‘Sooner or later we all sit down to a banquet of consequences’. I was reminded of this quote from Robert Louis Stevenson when Ian and I delivered our challenging coaching session at the World Business & Executive Coaching Summit (WBECS) last Friday. We’d challenged ourselves to freshen up our material and bring in some new perspectives on the various elements of the FACTS coaching model. In preparing for the session I came across the Stevenson quote whilst re-visiting the ‘A’ of FACTSaccountability.

What does it mean to one day sit down to a banquet of consequences? Well, it is a more elegant version of the well-known saying ‘what goes around comes around’ or the biblical version that ‘you reap what you sow’. It seems many wise folk have tried to convince us that when we let ourselves off the hook of accountability, the ultimate repercussions may not fit into the self-created and convenient notion that it doesn’t really matter, it doesn’t really count, no-one is looking, it’s not that important, so who cares?

And let’s face the facts, we try to get it away with it every day in all sorts of creative ways, don’t we? I know I’m perfectly capable of ducking and diving to wriggle out of commitments and expectations. Just recently, I took an action from a meeting, said I was going to do it and then deleted it from my to-do list three days later. Nobody will notice that I thought. Just lose it between the cracks and no one will be the wiser. I got away with it. Or did I? Or is someone preparing my banquet of consequences as we speak?

killjoy

It seems I am not alone in the ‘getting away with it’ club. Membership of this anyone’s-welcome, free-for-life society is positively over-subscribed. I recently attended an excellent Vistage speaker session with the speaker Jim Alampi on the topic of Lencioni’s best-seller ‘The Five Dysfunctions of a Team’. There were 200 CEOs and business owners in the room. After Jim had taken us through the theory of the five dysfunctions he challenged everyone to complete Lencioni’s team assessment questionnaire to see which of the five team dysfunctions were most prevalent in our organisations.

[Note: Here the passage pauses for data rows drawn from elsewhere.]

definition strongly_connected :: "'a set \<Rightarrow> ('a \<times> 'a) set \<Rightarrow> bool" where
  "strongly_connected V E \<longleftrightarrow> (\<forall>u\<in>V. \<forall>v\<in>V. (u, v) \<in> (E \<inter> (V \<times> V))\<^sup>*)"

definition strongly_n_connected :: "nat \<Rightarrow> 'a set \<Rightarrow> ('a \<times> 'a) set \<Rightarrow> bool" where
  "strongly_n_connected n V E \<longleftrightarrow> card V > n \<and>
     (\<forall>S. S \<subseteq> V \<and> card S < n \<longrightarrow>
        strongly_connected (V - S) (E \<inter> ((V - S) \<times> (V - S))))"

definition hamiltonian :: "'a set \<Rightarrow> ('a \<times> 'a) set \<Rightarrow> bool" where
  "hamiltonian V E \<longleftrightarrow> (\<exists>vs. vs \<noteq> [] \<and> distinct vs \<and> set vs = V \<and>
     (\<forall>i < length vs. (vs ! i, vs ! ((i + 1) mod length vs)) \<in> E))"

end

theory Submission
  imports Defs "HOL-Library.Countable" "HOL-Library.Disjoint_Sets"
begin

text \<open>
  The graph consists of a ring of four blocks \<open>Y1 \<Rightarrow> A \<Rightarrow> Y2 \<Rightarrow> B \<Rightarrow> Y1\<close> of sizes
  \<open>2n, 2n, 2n - 1, 2n\<close>, consecutive blocks being completely joined, together with two copies
  \<open>X 0\<close>, \<open>X 1\<close> of the rotational tournament on \<open>4n + 1\<close> vertices. In copy \<open>c\<close> the \<open>n\<close> arcs
  \<open>k \<rightarrow> k + 2n\<close> (\<open>k < n\<close>) are rerouted through the ring as \<open>X c k \<rightarrow> B c k\<close> and
  \<open>A c k \<rightarrow> X c (k + 2n)\<close>, which keeps all in- and outdegrees equal to \<open>2n\<close>.

  A Hamilton cycle must leave each copy \<open>X c\<close>, and it can only do so into \<open>B\<close>. As all
  out-neighbours of the \<open>2n - 1\<close> vertices of \<open>Y2\<close> also lie in \<open>B\<close>, the cycle would give
  \<open>2n + 1\<close> distinct successors in the \<open>2n\<close>-element block \<open>B\<close>.

  After deleting fewer than \<open>n\<close> vertices, every ring block, some exit pair
  \<open>X c k \<rightarrow> B c k\<close> and some entry pair \<open>A c k \<rightarrow> X c (k + 2n)\<close> survive, and cyclically
  consecutive survivors of each copy are at most \<open>n\<close> apart, hence joined by an arc. So every
  survivor lies on a closed walk through a fixed surviving vertex of \<open>Y1\<close>.
\<close>

lemma rtrancl_map:
  assumes "(a, b) \<in> R\<^sup>*" and "\<And>x y. (x, y) \<in> R \<Longrightarrow> (f x, f y) \<in> R'"
  shows "(f a, f b) \<in> R'\<^sup>*"
  using assms(1)
proof (induction rule: rtrancl_induct)
  case (step y z)
  then show ?case using assms(2) by (meson rtrancl.rtrancl_into_rtrancl)
qed simp

lemma oriented_graph_image:
  assumes "inj f" and "oriented_graph V E"
  shows "oriented_graph (f ` V) (map_prod f f ` E)"
  using assms unfolding oriented_graph_def by (auto simp: inj_eq)

lemma out_nbrs_image: "inj f \<Longrightarrow> out_nbrs (map_prod f f ` E) (f v) = f ` out_nbrs E v"
  unfolding out_nbrs_def by (auto simp: inj_eq)

lemma in_nbrs_image: "inj f \<Longrightarrow> in_nbrs (map_prod f f ` E) (f v) = f ` in_nbrs E v"
  unfolding in_nbrs_def by (auto simp: inj_eq)

lemma regular_digraph_image:
  assumes "inj f" and "regular_digraph d V E"
  shows "regular_digraph d (f ` V) (map_prod f f ` E)"
  using assms unfolding regular_digraph_def
  by (auto simp: out_nbrs_image in_nbrs_image card_image inj_on_subset)

lemma strongly_connected_image:
  assumes "inj f" and "strongly_connected V E"
  shows "strongly_connected (f ` V) (map_prod f f ` E)"
  unfolding strongly_connected_def
proof clarify
  fix u v assume "u \<in> V" "v \<in> V"
  then have "(u, v) \<in> (E \<inter> V \<times> V)\<^sup>*" using assms(2) unfolding strongly_connected_def by blast
  then show "(f u, f v) \<in> (map_prod f f ` E \<inter> f ` V \<times> f ` V)\<^sup>*"
    by (rule rtrancl_map) auto
qed

lemma strongly_n_connected_image:
  assumes f: "inj f" and conn: "strongly_n_connected n V E"
  shows "strongly_n_connected n (f ` V) (map_prod f f ` E)"
  unfolding strongly_n_connected_def
proof (intro conjI allI impI)
  show "n < card (f ` V)"
    using conn f unfolding strongly_n_connected_def by (simp add: card_image inj_on_subset)
  fix S' assume S': "S' \<subseteq> f ` V \<and> card S' < n"
  define S where "S = V \<inter> f -` S'"
  have "f ` S = S'" using S' by (auto simp: S_def)
  then have "card S < n" using S' f by (metis card_image inj_on_subset subset_UNIV)
  moreover have "S \<subseteq> V" by (simp add: S_def)
  ultimately have "strongly_connected (V - S) (Restr E (V - S))"
    using conn unfolding strongly_n_connected_def by blast
  then have "strongly_connected (f ` (V - S)) (map_prod f f ` Restr E (V - S))"
    by (rule strongly_connected_image[OF f])
  moreover have "f ` (V - S) = f ` V - S'" using S' f by (auto simp: S_def inj_eq)
  moreover have "map_prod f f ` Restr E (V - S) = Restr (map_prod f f ` E) (f ` (V - S))"
    using f by (auto simp: inj_eq)
  ultimately show "strongly_connected (f ` V - S') (Restr (map_prod f f ` E) (f ` V - S'))"
    by simp
qed

lemma hamiltonian_imageD:
  assumes f: "inj f" and "hamiltonian (f ` V) (map_prod f f ` E)"
  shows "hamiltonian V E"
proof -
  obtain vs where vs: "vs \<noteq> []" "distinct vs" "set vs = f ` V"
    and cyc: "\<forall>i < length vs. (vs ! i, vs ! ((i + 1) mod length vs)) \<in> map_prod f f ` E"
    using assms(2) unfolding hamiltonian_def by blast
  define ws where "ws = map (inv f) vs"
  have "map f ws = vs"
    unfolding ws_def map_map by (rule map_idI) (use vs(3) in \<open>auto simp: f_inv_into_f\<close>)
  then have "ws \<noteq> [] \<and> distinct ws \<and> set ws = V \<and>
      (\<forall>i < length ws. (ws ! i, ws ! ((i + 1) mod length ws)) \<in> E)"
    using vs cyc f by (auto simp: distinct_map inj_image_eq_iff inj_eq)
  then show ?thesis unfolding hamiltonian_def by blast
qed

lemma strongly_connectedI_hub:
  assumes "h \<in> V" and "\<And>v. v \<in> V \<Longrightarrow> (h, v) \<in> (Restr E V)\<^sup>* \<and> (v, h) \<in> (Restr E V)\<^sup>*"
  shows "strongly_connected V E"
  unfolding strongly_connected_def using assms by (meson rtrancl_trans)

lemma strongly_connected_Restr_iff: "strongly_connected V (Restr E V) \<longleftrightarrow> strongly_connected V E"
  by (simp add: strongly_connected_def Int_assoc)

lemma strongly_0_connected_iff: "strongly_n_connected 0 V E \<longleftrightarrow> 0 < card V"
  unfolding strongly_n_connected_def by simp

lemma cyclic_successor_closed:
  fixes L :: nat
  assumes "i \<in> I" "i < L" and closed: "\<And>j. j \<in> I \<Longrightarrow> j < L \<Longrightarrow> (j + 1) mod L \<in> I"
  shows "{..<L} \<subseteq> I"
proof
  have along: "(i + d) mod L \<in> I" for d
  proof (induction d)
    case (Suc d)
    then show ?case using closed[of "(i + d) mod L"] \<open>i < L\<close> by (simp add: mod_Suc_eq)
  qed (use assms in simp)
  fix j assume "j \<in> {..<L}"
  then have "(i + (L + j - i)) mod L = j" using \<open>i < L\<close> by simp
  then show "j \<in> I" using along by metis
qed

lemma hamiltonian_successor:
  assumes "hamiltonian V E"
  obtains \<sigma> where "inj_on \<sigma> V" and "\<And>v. v \<in> V \<Longrightarrow> (v, \<sigma> v) \<in> E"
    and "\<And>U. U \<subseteq> V \<Longrightarrow> U \<noteq> {} \<Longrightarrow> U \<noteq> V \<Longrightarrow> \<exists>u\<in>U. \<sigma> u \<notin> U"
proof -
  obtain vs where vs: "vs \<noteq> []" "distinct vs" "set vs = V"
    and cyc: "\<forall>i < length vs. (vs ! i, vs ! ((i + 1) mod length vs)) \<in> E"
    using assms unfolding hamiltonian_def by blast
  define L where "L = length vs"
  define pos where "pos = inv_into {..<L} ((!) vs)"
  define \<sigma> where "\<sigma> v = vs ! ((pos v + 1) mod L)" for v
  have L: "0 < L" using vs(1) by (simp add: L_def)
  have bij: "bij_betw ((!) vs) {..<L} V" using vs by (simp add: L_def bij_betw_nth)
  have pos: "pos v < L" "vs ! pos v = v" if "v \<in> V" for v
    using that bij_betw_inv_into_left[OF bij] bij_betw_imp_surj_on[OF bij] inv_into_into[of v "(!) vs"]
    by (auto simp: pos_def f_inv_into_f)
  have "inj_on \<sigma> V"
  proof (rule inj_onI)
    fix v w assume vw: "v \<in> V" "w \<in> V" "\<sigma> v = \<sigma> w"
    then have "(pos v + 1) mod L = (pos w + 1) mod L"
      using vs(2) L by (simp add: \<sigma>_def L_def nth_eq_iff_index_eq)
    then have "pos v = pos w" using pos vw by (auto simp: mod_Suc split: if_splits)
    then show "v = w" using pos vw by metis
  qed
  moreover have "(v, \<sigma> v) \<in> E" if "v \<in> V" for v
    using cyc pos[OF that] by (auto simp: \<sigma>_def L_def)
  moreover have "\<exists>u\<in>U. \<sigma> u \<notin> U" if U: "U \<subseteq> V" "U \<noteq> {}" "U \<noteq> V" for U
  proof (rule ccontr)
    assume "\<not> ?thesis"
    then have closed: "(j + 1) mod L \<in> {i. vs ! i \<in> U}" if "j \<in> {i. vs ! i \<in> U}" "j < L" for j
      using that pos vs(2) U(1) by (metis \<sigma>_def L_def mem_Collect_eq nth_eq_iff_index_eq subsetD)
    obtain u where "u \<in> U" using U(2) by blast
    then have "{..<L} \<subseteq> {i. vs ! i \<in> U}"
      using pos U(1) by (intro cyclic_successor_closed[OF _ _ closed]) auto
    then have "V \<subseteq> U" using pos by fastforce
    with U show False by blast
  qed
  ultimately show thesis using that by blast
qed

‘Hands up if ‘fear of conflict’ is your most critical dysfunction’ he asked. A few hands crept into the air. ‘How about lack of commitment?’. Another smattering of hands. ‘How about absence of trust?’. And so on. ‘I’ve saved the best until last’ he concluded, ‘How many of your leadership teams suffer from avoidance of accountability?’ At this point it was like being back in school when the teacher offered the class a sweet. So many hands went up that Jim was unable to count them and he boomed out in his US drawl ‘I knew that would get you. I’ve done this exercise with countless teams all round the world these past four years and it is always avoidance of accountability that is a team’s most common Achilles’ heel.

So it seems a lot of us are getting away with it and hoping there will not be a banquet of consequences further down the line. The striking fact is that if there are lots of people getting away with it then there are even more people letting us get away with it! It seems we’re all colluding in a festival of unfinished business, loose ends, forgotten commitments and unrealised expectations. What a great party we’re having! Let’s hope it never stops. For who would want to be the accountability killjoy when we’re all having so much fun? Who, having glimpsed the banquet of consequences, would be a brave enough coach or leader to turn on the lights, turn down the music and invite us to face the facts?